[The input]
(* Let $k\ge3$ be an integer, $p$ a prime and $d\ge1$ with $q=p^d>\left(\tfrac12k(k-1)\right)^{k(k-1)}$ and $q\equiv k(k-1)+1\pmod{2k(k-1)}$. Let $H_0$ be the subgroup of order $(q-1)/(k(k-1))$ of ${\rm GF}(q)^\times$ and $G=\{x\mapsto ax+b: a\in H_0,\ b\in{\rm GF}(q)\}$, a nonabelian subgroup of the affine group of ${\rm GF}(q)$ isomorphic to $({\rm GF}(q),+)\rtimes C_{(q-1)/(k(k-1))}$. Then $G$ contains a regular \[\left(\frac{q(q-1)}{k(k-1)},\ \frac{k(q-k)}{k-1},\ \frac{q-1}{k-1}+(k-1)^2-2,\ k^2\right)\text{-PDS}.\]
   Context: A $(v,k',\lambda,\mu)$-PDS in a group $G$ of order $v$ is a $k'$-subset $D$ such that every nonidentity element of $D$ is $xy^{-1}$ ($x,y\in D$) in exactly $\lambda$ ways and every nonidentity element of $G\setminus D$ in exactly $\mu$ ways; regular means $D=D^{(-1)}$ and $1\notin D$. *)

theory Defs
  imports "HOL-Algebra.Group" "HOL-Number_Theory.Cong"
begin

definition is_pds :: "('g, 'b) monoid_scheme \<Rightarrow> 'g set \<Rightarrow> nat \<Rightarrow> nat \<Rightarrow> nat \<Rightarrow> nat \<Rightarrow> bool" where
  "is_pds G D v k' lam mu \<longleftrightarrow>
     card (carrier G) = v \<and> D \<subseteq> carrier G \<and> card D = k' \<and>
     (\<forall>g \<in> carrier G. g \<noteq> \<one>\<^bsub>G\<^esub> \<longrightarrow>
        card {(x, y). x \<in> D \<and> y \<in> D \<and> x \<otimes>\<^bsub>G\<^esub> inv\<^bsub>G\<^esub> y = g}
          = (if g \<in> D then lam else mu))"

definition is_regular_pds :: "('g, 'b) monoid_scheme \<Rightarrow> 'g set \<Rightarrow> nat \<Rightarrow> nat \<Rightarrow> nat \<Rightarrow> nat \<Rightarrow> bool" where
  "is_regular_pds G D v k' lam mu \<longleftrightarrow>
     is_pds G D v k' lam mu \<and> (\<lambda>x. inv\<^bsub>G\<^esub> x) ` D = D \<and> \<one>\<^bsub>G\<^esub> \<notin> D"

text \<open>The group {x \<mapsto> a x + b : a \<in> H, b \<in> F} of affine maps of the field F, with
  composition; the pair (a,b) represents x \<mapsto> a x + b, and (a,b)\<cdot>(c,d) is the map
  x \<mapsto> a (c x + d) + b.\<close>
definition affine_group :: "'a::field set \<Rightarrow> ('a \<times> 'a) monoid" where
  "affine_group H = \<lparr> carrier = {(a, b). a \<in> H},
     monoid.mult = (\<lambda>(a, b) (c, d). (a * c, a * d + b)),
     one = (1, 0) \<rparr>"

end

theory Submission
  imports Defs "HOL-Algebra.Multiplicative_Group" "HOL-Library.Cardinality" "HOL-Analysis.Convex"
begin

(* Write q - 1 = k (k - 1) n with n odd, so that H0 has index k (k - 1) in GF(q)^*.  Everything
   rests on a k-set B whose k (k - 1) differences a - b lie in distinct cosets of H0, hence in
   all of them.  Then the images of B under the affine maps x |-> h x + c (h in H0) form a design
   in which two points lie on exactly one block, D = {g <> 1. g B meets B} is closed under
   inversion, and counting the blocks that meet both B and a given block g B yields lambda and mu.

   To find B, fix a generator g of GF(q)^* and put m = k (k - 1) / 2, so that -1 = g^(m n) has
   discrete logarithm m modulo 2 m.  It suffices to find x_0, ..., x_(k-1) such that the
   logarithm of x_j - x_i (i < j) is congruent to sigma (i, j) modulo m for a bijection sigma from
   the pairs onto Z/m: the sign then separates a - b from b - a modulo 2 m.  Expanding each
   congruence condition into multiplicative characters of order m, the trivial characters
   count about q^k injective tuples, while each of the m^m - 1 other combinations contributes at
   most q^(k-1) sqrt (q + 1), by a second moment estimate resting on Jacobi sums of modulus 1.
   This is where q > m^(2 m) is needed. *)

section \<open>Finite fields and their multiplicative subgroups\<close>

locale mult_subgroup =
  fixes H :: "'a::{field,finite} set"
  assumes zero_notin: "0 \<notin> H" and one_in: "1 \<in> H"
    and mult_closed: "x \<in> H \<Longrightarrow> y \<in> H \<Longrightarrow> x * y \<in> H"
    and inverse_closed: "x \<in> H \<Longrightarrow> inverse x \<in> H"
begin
[/The input]
Take the records above and return, word for word, only the lines that fall from the line with "(* Write q - 1" to the line with "inversion, and counting", both of them included.

*Task output*:
(* Write q - 1 = k (k - 1) n with n odd, so that H0 has index k (k - 1) in GF(q)^*.  Everything
   rests on a k-set B whose k (k - 1) differences a - b lie in distinct cosets of H0, hence in
   all of them.  Then the images of B under the affine maps x |-> h x + c (h in H0) form a design
   in which two points lie on exactly one block, D = {g <> 1. g B meets B} is closed under
   inversion, and counting the blocks that meet both B and a given block g B yields lambda and mu.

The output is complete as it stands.